= Law of Nigeria =

The Law of Nigeria consists of courts, offences, and various types of laws. Nigeria has its own constitution which was established on 29 May 1999. The Constitution of Nigeria is the supreme law of the country. There are four distinct legal systems in Nigeria, which include English law, Common law, Customary law, and Sharia Law. English law in Nigeria is derived from the colonial Nigeria, while common law is a development from its post-colonial independence.
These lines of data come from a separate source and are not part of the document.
theorem lemma2:
  fixes f :: "real ^ 'n \<Rightarrow> real"
    and xbar :: "real ^ 'n" and a Delta :: real
    and I :: "'i set" and y s :: "'i \<Rightarrow> real ^ 'n"
    and ibar :: 'i
    and xs :: "real ^ 'n" and zs :: real
    and lam :: "'i \<Rightarrow> real" and mup mum :: "real ^ 'n"
  defines "h \<equiv> (\<lambda>i w. hcut f xbar a (y i) (s i) w)"
    and "m \<equiv> (\<lambda>w. Max ((\<lambda>i. hcut f xbar a (y i) (s i) w) ` I))"
    and "E \<equiv> (\<lambda>i. f xbar - hcut f xbar a (y i) (s i) xbar)"
    and "Ibar \<equiv> {i \<in> I. hcut f xbar a (y i) (s i) xs = zs}"
  assumes Delta_pos: "Delta > 0"
    and I_fin: "finite I"
    and subgrad: "\<forall>i\<in>I. s i \<in> limiting_subdiff f (y i)"
    and ibar: "ibar \<in> I" "y ibar = xbar"
    and E_nonneg: "\<forall>i\<in>I. E i \<ge> 0"
    and opt: "lp_feasible I h xbar Delta xs zs"
             "\<forall>x z. lp_feasible I h xbar Delta x z \<longrightarrow> zs \<le> z"
    and kkt: "lp_kkt I h (\<lambda>i. s i + a *\<^sub>R (y i - xbar)) xbar Delta xs zs lam mup mum"
  shows "m xbar - m xs = f xbar - zs
       \<and> (infnorm (xs - xbar) < Delta \<longrightarrow> f xbar - zs = (\<Sum>i\<in>Ibar. lam i * E i))
       \<and> (infnorm (xs - xbar) = Delta \<longrightarrow>
            f xbar - zs = (\<Sum>i\<in>Ibar. lam i * E i)
              + Delta * norm1 (\<Sum>i\<in>Ibar. lam i *\<^sub>R (s i + a *\<^sub>R (y i - xbar))))
       \<and> (\<forall>(C :: (real ^ 'n) set) (H :: real ^ 'n \<Rightarrow> real ^ 'n \<Rightarrow> real).
            xbar \<in> interior C \<and> (\<forall>i\<in>Ibar. y i \<in> interior C) \<and>
            (\<forall>x. convex_on UNIV (H x) \<and> (\<forall>u\<in>C. H x u = gprox f x a u)
                 \<and> (\<forall>u. gprox f x a u \<ge> H x u))
            \<longrightarrow> (\<Sum>i\<in>Ibar. lam i *\<^sub>R (s i + a *\<^sub>R (y i - xbar)))
                   \<in> eps_subdiff (H xbar) (\<Sum>i\<in>Ibar. lam i * E i) xbar
              \<and> (0 \<in> eps_subdiff (H xbar) 0 xbar \<longrightarrow> (\<forall>u. gprox f xbar a xbar \<le> gprox f xbar a u)))"
proof -
  define g where "g i = s i + a *\<^sub>R (y i - xbar)" for i
  have kkt: "lp_kkt I h g xbar Delta xs zs lam mup mum" using kkt by (simp add: g_def[abs_def])
  have Ibar: "Ibar = {i\<in>I. h i xs = zs}" by (simp add: Ibar_def h_def)
  have affine: "h i w = h i xs + inner (g i) (w - xs)" for i w unfolding h_def g_def by (rule hcut_shift)
  have gap: "f xbar - zs = (\<Sum>i\<in>Ibar. lam i * E i) + Delta * norm1 (\<Sum>i\<in>Ibar. lam i *\<^sub>R g i)"
    using lp_kkt_value_gap[OF I_fin kkt affine] by (simp add: Ibar E_def h_def)
  have "m xbar = f xbar"
    unfolding m_def using I_fin E_nonneg ibar
    by (intro Max_eqI) (auto simp: E_def hcut_def intro!: image_eqI[of _ _ ibar])
  moreover have "m xs = zs"
    unfolding m_def using lp_optimal_value_eq_Max[OF I_fin _ opt] ibar by (auto simp: h_def)
  ultimately have model_decrease: "m xbar - m xs = f xbar - zs" by simp
  have interior_case: "f xbar - zs = (\<Sum>i\<in>Ibar. lam i * E i)" if "infnorm (xs - xbar) < Delta"
  proof -
    have "(\<Sum>i\<in>Ibar. lam i *\<^sub>R g i) = 0"
      using lp_kkt_sum_active[OF I_fin kkt, of g] lp_kkt_gradient_sum[OF kkt]
        lp_kkt_box_interior[OF kkt that] by (simp add: Ibar)
    then show ?thesis using gap by (simp add: norm1_def)
  qed
  have eps_subgradient: "(\<Sum>i\<in>Ibar. lam i *\<^sub>R g i) \<in> eps_subdiff (H xbar) (\<Sum>i\<in>Ibar. lam i * E i) xbar
      \<and> (0 \<in> eps_subdiff (H xbar) 0 xbar \<longrightarrow> (\<forall>u. gprox f xbar a xbar \<le> gprox f xbar a u))"
    if C: "xbar \<in> interior C" "\<forall>i\<in>Ibar. y i \<in> interior C"
      and H: "\<forall>x. convex_on UNIV (H x) \<and> (\<forall>u\<in>C. H x u = gprox f x a u) \<and> (\<forall>u. gprox f x a u \<ge> H x u)"
    for C H
  proof (intro conjI impI allI)
    have "xbar \<in> C" using C(1) interior_subset by blast
    then show "(\<Sum>i\<in>Ibar. lam i *\<^sub>R g i) \<in> eps_subdiff (H xbar) (\<Sum>i\<in>Ibar. lam i * E i) xbar"
      using H C subgrad I_fin lp_kkt_active_weights[OF I_fin kkt]
      unfolding g_def E_def Ibar by (intro aggregate_cut_eps_subgradient[of "H xbar" C]) (auto simp: h_def)
    fix u assume "0 \<in> eps_subdiff (H xbar) 0 xbar"
    then have "H xbar xbar \<le> H xbar u" by (simp add: eps_subdiff_def)
    then show "gprox f xbar a xbar \<le> gprox f xbar a u"
      using H \<open>xbar \<in> C\<close> by (metis order_trans)
  qed
  show ?thesis
    unfolding g_def[symmetric] using model_decrease interior_case gap eps_subgradient by blast
qed

end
Customary law is derived from indigenous traditional norms and cultural practices, including the dispute resolution meetings of pre-colonial Yoruba land secret societies and the Èkpè and Okónkò of Igboland and Ibibioland. Sharia Law (also known as Islamic Law) used to be used only in Northern Nigeria, where Islam is the predominant religion. It is also being used in Lagos State, Oyo State, Kwara State, Ogun State, and Osun State by Muslims. The country has a judicial branch, the highest court of which is the Supreme Court of Nigeria.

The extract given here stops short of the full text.